The Philippine financial system remained sound and stable last year amid the challenging global financial landscape, the central bank said.
The Bangko Sentral ng Pilipinas (BSP), however, added that growth of the banking system cooled slightly from a year earlier in terms of profit, foreign currency deposits, and capital adequacy.
In a statement detailing the financial performance of the banking sector in 2015, the BSP said that the financial system continued to provide needed funding to a growing economy with the banking system at its core.
“As the Bangko Sentral ng Pilipinas pursued sustained reforms with financial sector stakeholders, the banking system posted sufficient capitalization, improved asset quality and continued growth in assets, loans and deposit liabilities,” it said.
The central bank stressed that banks’ risk-taking activities and overall operations had manageable impact on capital and profitability.
Universal and commercial banks have sufficient capitalization their current capital adequacy ratio (CAR) at 15.1 percent on a solo basis, lower than the 15.4 percent CAR at end-2014.
Their net profit was relatively stable at P134.6 billion despite tempered trading gains on the back of rising interest rates, it said.

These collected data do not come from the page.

(* Let $G$ be a claw-free graph, let $L$ be an induced path or a hole of $G$, and let $\mathbf{j}\notin L$ be a vertex such that $\Gamma_L(\mathbf{j})$ contains three vertices $\mathbf{k}_0,\mathbf{k}_1,\mathbf{k}_2$ with $\mathbf{k}_0\mathbf{k}_1$ and $\mathbf{k}_1\mathbf{k}_2$ edges of $L$. If $\mathbf{j}$ has an additional neighbour $\mathbf{u}\in L\setminus\{\mathbf{k}_0,\mathbf{k}_1,\mathbf{k}_2\}$, then $\mathbf{u}$ is adjacent to at least one of $\mathbf{k}_0$ or $\mathbf{k}_2$.
   Context: A hole is an induced cycle of length at least 4; an induced path is a vertex set whose induced edges are exactly those between consecutive vertices. Claw-free: no induced $K_{1,3}$. $\Gamma_L(\mathbf{j})$ is the set of neighbours of $\mathbf{j}$ in $L$. *)

theory Defs
  imports Main
begin

definition simple_graph :: "'a set \<Rightarrow> ('a \<Rightarrow> 'a \<Rightarrow> bool) \<Rightarrow> bool" where
  "simple_graph V E \<longleftrightarrow> (\<forall>x y. E x y \<longrightarrow> x \<in> V \<and> y \<in> V \<and> E y x \<and> x \<noteq> y)"

definition claw_free :: "'a set \<Rightarrow> ('a \<Rightarrow> 'a \<Rightarrow> bool) \<Rightarrow> bool" where
  "claw_free V E \<longleftrightarrow> \<not> (\<exists>c\<in>V. \<exists>a\<in>V. \<exists>b\<in>V. \<exists>d\<in>V.
      distinct [c, a, b, d] \<and> E c a \<and> E c b \<and> E c d \<and>
      \<not> E a b \<and> \<not> E a d \<and> \<not> E b d)"

definition induced_path :: "'a set \<Rightarrow> ('a \<Rightarrow> 'a \<Rightarrow> bool) \<Rightarrow> 'a list \<Rightarrow> bool" where
  "induced_path V E xs \<longleftrightarrow> xs \<noteq> [] \<and> distinct xs \<and> set xs \<subseteq> V \<and>
     (\<forall>i<length xs. \<forall>j<length xs. E (xs ! i) (xs ! j) \<longleftrightarrow> (Suc i = j \<or> Suc j = i))"

definition hole :: "'a set \<Rightarrow> ('a \<Rightarrow> 'a \<Rightarrow> bool) \<Rightarrow> 'a list \<Rightarrow> bool" where
  "hole V E xs \<longleftrightarrow> length xs \<ge> 4 \<and> distinct xs \<and> set xs \<subseteq> V \<and>
     (\<forall>i<length xs. \<forall>j<length xs. E (xs ! i) (xs ! j) \<longleftrightarrow>
        (Suc i mod length xs = j \<or> Suc j mod length xs = i))"

definition path_edge :: "'a list \<Rightarrow> 'a \<Rightarrow> 'a \<Rightarrow> bool" where
  "path_edge xs a b \<longleftrightarrow> (\<exists>i. Suc i < length xs \<and>
     ((a = xs ! i \<and> b = xs ! Suc i) \<or> (b = xs ! i \<and> a = xs ! Suc i)))"

definition cycle_edge :: "'a list \<Rightarrow> 'a \<Rightarrow> 'a \<Rightarrow> bool" where
  "cycle_edge xs a b \<longleftrightarrow> (\<exists>i<length xs.
     ((a = xs ! i \<and> b = xs ! (Suc i mod length xs)) \<or>
      (b = xs ! i \<and> a = xs ! (Suc i mod length xs))))"

end

theory Submission
  imports Defs
begin

text \<open>In an induced path or a hole, the ends k0, k2 of two consecutive edges are non-adjacent:
  their positions differ by two, which is not a (cyclic) neighbour position because a hole has
  at least four vertices. So if u were adjacent to neither k0 nor k2, the vertex j together with
  k0, k2, u would induce a claw.\<close>

lemma claw_free_common_neighbours_adjacent:
  assumes "simple_graph V E" and "claw_free V E" and "c \<in> V"
    and "E c a" and "E c b" and "E c d" and "distinct [a, b, d]"
  shows "E a b \<or> E a d \<or> E b d"
proof -
  have "c \<noteq> a" "c \<noteq> b" "c \<noteq> d" "a \<in> V" "b \<in> V" "d \<in> V"
    using assms(1,4-6) unfolding simple_graph_def by blast+
  then show ?thesis using assms(2-7) unfolding claw_free_def by auto
qed

lemma path_edge_in_set: "path_edge L x y \<Longrightarrow> x \<in> set L \<and> y \<in> set L"
  unfolding path_edge_def by (auto simp: Suc_lessD)

lemma cycle_edge_in_set: "cycle_edge L x y \<Longrightarrow> x \<in> set L \<and> y \<in> set L"
  unfolding cycle_edge_def by (auto intro!: nth_mem mod_less_divisor)

lemma path_edge_nth_iff:
  assumes "distinct L" and "a < length L" and "b < length L"
  shows "path_edge L (L ! a) (L ! b) \<longleftrightarrow> Suc a = b \<or> Suc b = a"
  using assms unfolding path_edge_def by (auto simp: nth_eq_iff_index_eq Suc_lessD)

lemma cycle_edge_nth_iff:
  assumes "distinct L" and "a < length L" and "b < length L"
  shows "cycle_edge L (L ! a) (L ! b) \<longleftrightarrow> Suc a mod length L = b \<or> Suc b mod length L = a"
proof -
  have succ: "Suc i mod length L < length L" if "i < length L" for i
    using that by (auto intro: mod_less_divisor)
  have "L ! i = L ! k \<longleftrightarrow> i = k" if "i < length L" "k < length L" for i k
    using assms(1) that by (simp add: nth_eq_iff_index_eq)
  with assms(2,3) succ show ?thesis
    unfolding cycle_edge_def by (metis (no_types, lifting))
qed

lemma induced_path_two_edges_nonadjacent:
  assumes path: "induced_path V E L" and "path_edge L x y" and "path_edge L y z" and "x \<noteq> z"
  shows "\<not> E x z"
proof -
  have "distinct L" using path unfolding induced_path_def by blast
  obtain a b c where abc: "a < length L" "b < length L" "c < length L"
    and x: "x = L ! a" and "y = L ! b" and z: "z = L ! c"
    using assms(2,3) path_edge_in_set by (metis in_set_conv_nth)
  with assms(2-4) \<open>distinct L\<close> have "Suc a = b \<or> Suc b = a" "Suc b = c \<or> Suc c = b" "a \<noteq> c"
    by (auto simp: path_edge_nth_iff)
  then have "\<not> (Suc a = c \<or> Suc c = a)" by auto
  then show ?thesis
    using path abc unfolding induced_path_def x z by blast
qed

lemma Suc_mod_eq_iff:
  fixes i k n :: nat
  assumes "i < n" and "k < n"
  shows "Suc i mod n = k \<longleftrightarrow> Suc i = k \<or> Suc i = n \<and> k = 0"
  using assms by (auto simp: mod_Suc)

lemma hole_two_edges_nonadjacent:
  assumes hole: "hole V E L" and "cycle_edge L x y" and "cycle_edge L y z" and "x \<noteq> z"
  shows "\<not> E x z"
proof -
  define n where "n = length L"
  have "distinct L" and "n \<ge> 4" using hole unfolding hole_def n_def by auto
  obtain a b c where abc: "a < n" "b < n" "c < n"
    and x: "x = L ! a" and "y = L ! b" and z: "z = L ! c"
    using assms(2,3) cycle_edge_in_set unfolding n_def by (metis in_set_conv_nth)
  with assms(2-4) \<open>distinct L\<close>
  have "Suc a mod n = b \<or> Suc b mod n = a" "Suc b mod n = c \<or> Suc c mod n = b" "a \<noteq> c"
    by (auto simp: cycle_edge_nth_iff n_def)
  with abc \<open>n \<ge> 4\<close> have "\<not> (Suc a mod n = c \<or> Suc c mod n = a)"
    by (simp only: Suc_mod_eq_iff) linarith
  then show ?thesis
    using hole abc unfolding hole_def x z n_def by blast
qed

theorem corollary2:
  fixes V :: "'a set" and E :: "'a \<Rightarrow> 'a \<Rightarrow> bool" and L :: "'a list"
    and j k0 k1 k2 u :: 'a
  assumes "simple_graph V E"
    and "claw_free V E"
    and "(induced_path V E L \<and> path_edge L k0 k1 \<and> path_edge L k1 k2) \<or>
         (hole V E L \<and> cycle_edge L k0 k1 \<and> cycle_edge L k1 k2)"
    and "j \<in> V" and "j \<notin> set L"
    and "distinct [k0, k1, k2]"
    and "k0 \<in> set L" and "k1 \<in> set L" and "k2 \<in> set L"
    and "E j k0" and "E j k1" and "E j k2"
    and "u \<in> set L" and "u \<notin> {k0, k1, k2}" and "E j u"
  shows "E u k0 \<or> E u k2"
proof -
  have "k0 \<noteq> k2" using assms(6) by simp
  with assms(3) have "\<not> E k0 k2"
    by (metis induced_path_two_edges_nonadjacent hole_two_edges_nonadjacent)
  moreover have "distinct [k0, k2, u]" using assms(6,14) by auto
  ultimately have "E k0 u \<or> E k2 u"
    using claw_free_common_neighbours_adjacent[OF assms(1,2,4,10,12,15)] by blast
  then show ?thesis using assms(1) unfolding simple_graph_def by metis
qed

end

This too represented a slight decline from 2014, when the banking sector’s net income reached P134.9 billion.
Lenders’ funding remained largely sourced from retail and peso deposits of residents, while foreign currency deposit liabilities comprised 16.7 percent of total deposit liabilities. This was slightly lower than 2014, when foreign currency deposits accounted for 16.8 percent of total deposits.
The BSP added that banks were generally compliant with the required asset and liquid asset cover ratios of 100 percent and 30 percent, respectively.
Meanwhile, it also reported that the trust industry sustained its growth, albeit modest at P8.1 billion or 0.3 percent to P2.7 trillion.
“The growth was supported by increasing concentration and faster growth in financial assets particularly corporate debt securities over equity investments. Overall dollar-denominated assets propped up the expansion in trust assets,” it stated.
The central bank also noted that foreign bank branches and subsidiaries (FBB) similarly ended 2015 with improved solvency, asset quality and liquidity.
Their profitability was maintained on higher interest income.
It added that new FBBs brought in fresh funds to the Philippine banking system when they commenced operations in 2015.
On the other hand, the BSP said other non-bank financial institutions exhibited prudence in their overall risk-taking activities and provided sufficient capital buffers for unforeseen shocks from their operating environment, for example, rising interest rates.
In particular, it said, non-bank financial institutions with quasi-banking functions (consisting of investment houses and finance corporations) reported positive net profit and sufficient capitalization with borrowings mostly in the form of deposit substitutes.
“Notwithstanding the sustained positive performance of the financial system, the BSP continues to bolster the banking system’s capabilities to address potential risks. This is in line with the BSP’s objective of promoting greater financial stability,” the BSP said.